# Exercise materials
╭──

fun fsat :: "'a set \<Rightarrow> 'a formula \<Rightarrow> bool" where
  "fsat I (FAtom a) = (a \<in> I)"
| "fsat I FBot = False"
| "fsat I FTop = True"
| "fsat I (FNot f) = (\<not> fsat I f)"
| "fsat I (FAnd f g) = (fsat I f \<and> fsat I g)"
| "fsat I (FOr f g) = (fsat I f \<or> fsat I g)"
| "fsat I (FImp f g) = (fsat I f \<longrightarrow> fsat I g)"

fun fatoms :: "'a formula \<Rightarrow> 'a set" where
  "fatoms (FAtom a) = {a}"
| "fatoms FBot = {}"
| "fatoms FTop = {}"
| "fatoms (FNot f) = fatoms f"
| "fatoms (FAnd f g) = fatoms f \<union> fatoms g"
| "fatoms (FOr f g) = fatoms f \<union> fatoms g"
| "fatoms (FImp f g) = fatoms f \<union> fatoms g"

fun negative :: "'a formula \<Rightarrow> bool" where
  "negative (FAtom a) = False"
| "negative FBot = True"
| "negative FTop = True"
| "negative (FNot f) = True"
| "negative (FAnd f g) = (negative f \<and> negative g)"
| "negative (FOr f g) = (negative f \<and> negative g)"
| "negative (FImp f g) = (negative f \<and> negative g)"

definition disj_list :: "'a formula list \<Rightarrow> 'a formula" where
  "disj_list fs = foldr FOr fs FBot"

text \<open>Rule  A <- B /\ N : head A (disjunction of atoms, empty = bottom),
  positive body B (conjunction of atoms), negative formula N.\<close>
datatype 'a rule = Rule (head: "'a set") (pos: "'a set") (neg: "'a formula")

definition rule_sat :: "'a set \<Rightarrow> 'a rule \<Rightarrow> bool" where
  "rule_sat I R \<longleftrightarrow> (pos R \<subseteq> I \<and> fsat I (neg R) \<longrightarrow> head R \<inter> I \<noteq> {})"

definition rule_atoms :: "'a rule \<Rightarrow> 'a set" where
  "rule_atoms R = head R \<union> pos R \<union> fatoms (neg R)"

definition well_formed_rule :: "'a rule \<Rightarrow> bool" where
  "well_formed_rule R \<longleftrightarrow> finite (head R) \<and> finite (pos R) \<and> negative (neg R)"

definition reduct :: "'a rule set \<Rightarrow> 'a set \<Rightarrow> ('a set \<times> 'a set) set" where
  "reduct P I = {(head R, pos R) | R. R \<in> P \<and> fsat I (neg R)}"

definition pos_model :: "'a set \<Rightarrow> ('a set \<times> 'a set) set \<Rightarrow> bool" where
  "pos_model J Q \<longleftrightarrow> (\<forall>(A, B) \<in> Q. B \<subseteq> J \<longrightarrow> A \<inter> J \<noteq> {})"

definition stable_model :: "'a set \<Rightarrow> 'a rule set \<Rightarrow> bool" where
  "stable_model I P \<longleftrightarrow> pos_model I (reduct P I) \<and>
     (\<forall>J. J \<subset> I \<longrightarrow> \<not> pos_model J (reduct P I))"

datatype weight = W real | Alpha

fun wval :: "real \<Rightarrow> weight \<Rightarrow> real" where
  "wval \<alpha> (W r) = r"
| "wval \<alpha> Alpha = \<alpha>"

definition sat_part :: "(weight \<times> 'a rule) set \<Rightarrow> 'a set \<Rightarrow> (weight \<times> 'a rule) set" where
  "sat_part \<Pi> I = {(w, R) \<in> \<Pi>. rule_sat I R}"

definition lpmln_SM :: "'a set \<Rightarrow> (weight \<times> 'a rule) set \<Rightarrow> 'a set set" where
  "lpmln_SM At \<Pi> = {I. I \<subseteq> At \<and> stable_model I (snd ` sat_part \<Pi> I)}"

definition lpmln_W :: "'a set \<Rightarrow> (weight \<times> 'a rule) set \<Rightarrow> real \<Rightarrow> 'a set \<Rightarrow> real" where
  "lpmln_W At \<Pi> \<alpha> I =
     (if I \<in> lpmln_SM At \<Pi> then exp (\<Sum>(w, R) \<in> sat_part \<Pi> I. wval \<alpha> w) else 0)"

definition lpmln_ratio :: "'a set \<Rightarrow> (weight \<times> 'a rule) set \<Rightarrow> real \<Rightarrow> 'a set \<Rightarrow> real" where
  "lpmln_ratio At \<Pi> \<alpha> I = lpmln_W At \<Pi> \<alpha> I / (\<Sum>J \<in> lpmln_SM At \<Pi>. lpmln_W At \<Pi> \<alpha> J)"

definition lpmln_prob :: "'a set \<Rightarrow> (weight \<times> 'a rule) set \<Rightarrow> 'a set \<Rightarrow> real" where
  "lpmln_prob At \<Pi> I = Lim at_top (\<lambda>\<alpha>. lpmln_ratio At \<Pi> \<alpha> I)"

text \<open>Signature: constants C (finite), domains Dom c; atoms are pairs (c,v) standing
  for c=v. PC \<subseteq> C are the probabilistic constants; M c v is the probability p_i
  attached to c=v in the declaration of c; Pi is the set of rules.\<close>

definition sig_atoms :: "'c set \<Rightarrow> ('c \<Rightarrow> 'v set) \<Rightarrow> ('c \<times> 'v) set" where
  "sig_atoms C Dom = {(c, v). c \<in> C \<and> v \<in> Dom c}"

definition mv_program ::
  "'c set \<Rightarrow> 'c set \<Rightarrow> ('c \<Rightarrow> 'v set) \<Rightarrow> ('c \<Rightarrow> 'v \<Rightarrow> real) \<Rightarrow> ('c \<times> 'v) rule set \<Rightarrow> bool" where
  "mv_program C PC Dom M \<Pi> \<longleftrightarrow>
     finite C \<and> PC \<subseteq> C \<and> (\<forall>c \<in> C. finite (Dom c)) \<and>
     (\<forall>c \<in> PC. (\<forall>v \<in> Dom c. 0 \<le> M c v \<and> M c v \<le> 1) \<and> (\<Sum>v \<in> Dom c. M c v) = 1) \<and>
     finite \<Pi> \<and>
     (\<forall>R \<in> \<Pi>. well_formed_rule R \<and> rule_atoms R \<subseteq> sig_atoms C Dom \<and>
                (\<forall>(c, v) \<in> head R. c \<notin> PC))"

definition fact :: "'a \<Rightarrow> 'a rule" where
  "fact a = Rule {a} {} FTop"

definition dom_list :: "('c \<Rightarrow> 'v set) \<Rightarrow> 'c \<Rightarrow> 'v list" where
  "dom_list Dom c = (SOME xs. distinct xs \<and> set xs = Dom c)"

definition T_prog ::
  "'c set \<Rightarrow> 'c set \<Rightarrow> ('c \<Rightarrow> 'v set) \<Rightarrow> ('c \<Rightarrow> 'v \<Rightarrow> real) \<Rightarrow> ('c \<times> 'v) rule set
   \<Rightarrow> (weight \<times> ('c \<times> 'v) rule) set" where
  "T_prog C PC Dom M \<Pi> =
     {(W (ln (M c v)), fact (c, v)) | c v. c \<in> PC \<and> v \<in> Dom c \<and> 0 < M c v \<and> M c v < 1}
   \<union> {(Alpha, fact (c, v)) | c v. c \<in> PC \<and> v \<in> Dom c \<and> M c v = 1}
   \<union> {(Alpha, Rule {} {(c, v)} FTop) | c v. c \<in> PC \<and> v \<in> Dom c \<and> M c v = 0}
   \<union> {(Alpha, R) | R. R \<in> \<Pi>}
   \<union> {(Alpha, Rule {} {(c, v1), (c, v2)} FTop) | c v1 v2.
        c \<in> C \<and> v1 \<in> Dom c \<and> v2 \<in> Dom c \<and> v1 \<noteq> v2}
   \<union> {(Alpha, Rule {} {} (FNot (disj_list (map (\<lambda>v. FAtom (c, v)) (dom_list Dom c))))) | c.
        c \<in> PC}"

╰──

# Task goal
Word for word, transcribe all of the material.

# The answer
fun fsat :: "'a set \<Rightarrow> 'a formula \<Rightarrow> bool" where
  "fsat I (FAtom a) = (a \<in> I)"
| "fsat I FBot = False"
| "fsat I FTop = True"
| "fsat I (FNot f) = (\<not> fsat I f)"
| "fsat I (FAnd f g) = (fsat I f \<and> fsat I g)"
| "fsat I (FOr f g) = (fsat I f \<or> fsat I g)"
| "fsat I (FImp f g) = (fsat I f \<longrightarrow> fsat I g)"

fun fatoms :: "'a formula \<Rightarrow> 'a set" where
  "fatoms (FAtom a) = {a}"
| "fatoms FBot = {}"
| "fatoms FTop = {}"
| "fatoms (FNot f) = fatoms f"
| "fatoms (FAnd f g) = fatoms f \<union> fatoms g"
| "fatoms (FOr f g) = fatoms f \<union> fatoms g"
| "fatoms (FImp f g) = fatoms f \<union> fatoms g"

fun negative :: "'a formula \<Rightarrow> bool" where
  "negative (FAtom a) = False"
| "negative FBot = True"
| "negative FTop = True"
| "negative (FNot f) = True"
| "negative (FAnd f g) = (negative f \<and> negative g)"
| "negative (FOr f g) = (negative f \<and> negative g)"
| "negative (FImp f g) = (negative f \<and> negative g)"

definition disj_list :: "'a formula list \<Rightarrow> 'a formula" where
  "disj_list fs = foldr FOr fs FBot"

text \<open>Rule  A <- B /\ N : head A (disjunction of atoms, empty = bottom),
  positive body B (conjunction of atoms), negative formula N.\<close>
datatype 'a rule = Rule (head: "'a set") (pos: "'a set") (neg: "'a formula")

definition rule_sat :: "'a set \<Rightarrow> 'a rule \<Rightarrow> bool" where
  "rule_sat I R \<longleftrightarrow> (pos R \<subseteq> I \<and> fsat I (neg R) \<longrightarrow> head R \<inter> I \<noteq> {})"

definition rule_atoms :: "'a rule \<Rightarrow> 'a set" where
  "rule_atoms R = head R \<union> pos R \<union> fatoms (neg R)"

definition well_formed_rule :: "'a rule \<Rightarrow> bool" where
  "well_formed_rule R \<longleftrightarrow> finite (head R) \<and> finite (pos R) \<and> negative (neg R)"

definition reduct :: "'a rule set \<Rightarrow> 'a set \<Rightarrow> ('a set \<times> 'a set) set" where
  "reduct P I = {(head R, pos R) | R. R \<in> P \<and> fsat I (neg R)}"

definition pos_model :: "'a set \<Rightarrow> ('a set \<times> 'a set) set \<Rightarrow> bool" where
  "pos_model J Q \<longleftrightarrow> (\<forall>(A, B) \<in> Q. B \<subseteq> J \<longrightarrow> A \<inter> J \<noteq> {})"

definition stable_model :: "'a set \<Rightarrow> 'a rule set \<Rightarrow> bool" where
  "stable_model I P \<longleftrightarrow> pos_model I (reduct P I) \<and>
     (\<forall>J. J \<subset> I \<longrightarrow> \<not> pos_model J (reduct P I))"

datatype weight = W real | Alpha

fun wval :: "real \<Rightarrow> weight \<Rightarrow> real" where
  "wval \<alpha> (W r) = r"
| "wval \<alpha> Alpha = \<alpha>"

definition sat_part :: "(weight \<times> 'a rule) set \<Rightarrow> 'a set \<Rightarrow> (weight \<times> 'a rule) set" where
  "sat_part \<Pi> I = {(w, R) \<in> \<Pi>. rule_sat I R}"

definition lpmln_SM :: "'a set \<Rightarrow> (weight \<times> 'a rule) set \<Rightarrow> 'a set set" where
  "lpmln_SM At \<Pi> = {I. I \<subseteq> At \<and> stable_model I (snd ` sat_part \<Pi> I)}"

definition lpmln_W :: "'a set \<Rightarrow> (weight \<times> 'a rule) set \<Rightarrow> real \<Rightarrow> 'a set \<Rightarrow> real" where
  "lpmln_W At \<Pi> \<alpha> I =
     (if I \<in> lpmln_SM At \<Pi> then exp (\<Sum>(w, R) \<in> sat_part \<Pi> I. wval \<alpha> w) else 0)"

definition lpmln_ratio :: "'a set \<Rightarrow> (weight \<times> 'a rule) set \<Rightarrow> real \<Rightarrow> 'a set \<Rightarrow> real" where
  "lpmln_ratio At \<Pi> \<alpha> I = lpmln_W At \<Pi> \<alpha> I / (\<Sum>J \<in> lpmln_SM At \<Pi>. lpmln_W At \<Pi> \<alpha> J)"

definition lpmln_prob :: "'a set \<Rightarrow> (weight \<times> 'a rule) set \<Rightarrow> 'a set \<Rightarrow> real" where
  "lpmln_prob At \<Pi> I = Lim at_top (\<lambda>\<alpha>. lpmln_ratio At \<Pi> \<alpha> I)"

text \<open>Signature: constants C (finite), domains Dom c; atoms are pairs (c,v) standing
  for c=v. PC \<subseteq> C are the probabilistic constants; M c v is the probability p_i
  attached to c=v in the declaration of c; Pi is the set of rules.\<close>

definition sig_atoms :: "'c set \<Rightarrow> ('c \<Rightarrow> 'v set) \<Rightarrow> ('c \<times> 'v) set" where
  "sig_atoms C Dom = {(c, v). c \<in> C \<and> v \<in> Dom c}"

definition mv_program ::
  "'c set \<Rightarrow> 'c set \<Rightarrow> ('c \<Rightarrow> 'v set) \<Rightarrow> ('c \<Rightarrow> 'v \<Rightarrow> real) \<Rightarrow> ('c \<times> 'v) rule set \<Rightarrow> bool" where
  "mv_program C PC Dom M \<Pi> \<longleftrightarrow>
     finite C \<and> PC \<subseteq> C \<and> (\<forall>c \<in> C. finite (Dom c)) \<and>
     (\<forall>c \<in> PC. (\<forall>v \<in> Dom c. 0 \<le> M c v \<and> M c v \<le> 1) \<and> (\<Sum>v \<in> Dom c. M c v) = 1) \<and>
     finite \<Pi> \<and>
     (\<forall>R \<in> \<Pi>. well_formed_rule R \<and> rule_atoms R \<subseteq> sig_atoms C Dom \<and>
                (\<forall>(c, v) \<in> head R. c \<notin> PC))"

definition fact :: "'a \<Rightarrow> 'a rule" where
  "fact a = Rule {a} {} FTop"

definition dom_list :: "('c \<Rightarrow> 'v set) \<Rightarrow> 'c \<Rightarrow> 'v list" where
  "dom_list Dom c = (SOME xs. distinct xs \<and> set xs = Dom c)"

definition T_prog ::
  "'c set \<Rightarrow> 'c set \<Rightarrow> ('c \<Rightarrow> 'v set) \<Rightarrow> ('c \<Rightarrow> 'v \<Rightarrow> real) \<Rightarrow> ('c \<times> 'v) rule set
   \<Rightarrow> (weight \<times> ('c \<times> 'v) rule) set" where
  "T_prog C PC Dom M \<Pi> =
     {(W (ln (M c v)), fact (c, v)) | c v. c \<in> PC \<and> v \<in> Dom c \<and> 0 < M c v \<and> M c v < 1}
   \<union> {(Alpha, fact (c, v)) | c v. c \<in> PC \<and> v \<in> Dom c \<and> M c v = 1}
   \<union> {(Alpha, Rule {} {(c, v)} FTop) | c v. c \<in> PC \<and> v \<in> Dom c \<and> M c v = 0}
   \<union> {(Alpha, R) | R. R \<in> \<Pi>}
   \<union> {(Alpha, Rule {} {(c, v1), (c, v2)} FTop) | c v1 v2.
        c \<in> C \<and> v1 \<in> Dom c \<and> v2 \<in> Dom c \<and> v1 \<noteq> v2}
   \<union> {(Alpha, Rule {} {} (FNot (disj_list (map (\<lambda>v. FAtom (c, v)) (dom_list Dom c))))) | c.
        c \<in> PC}"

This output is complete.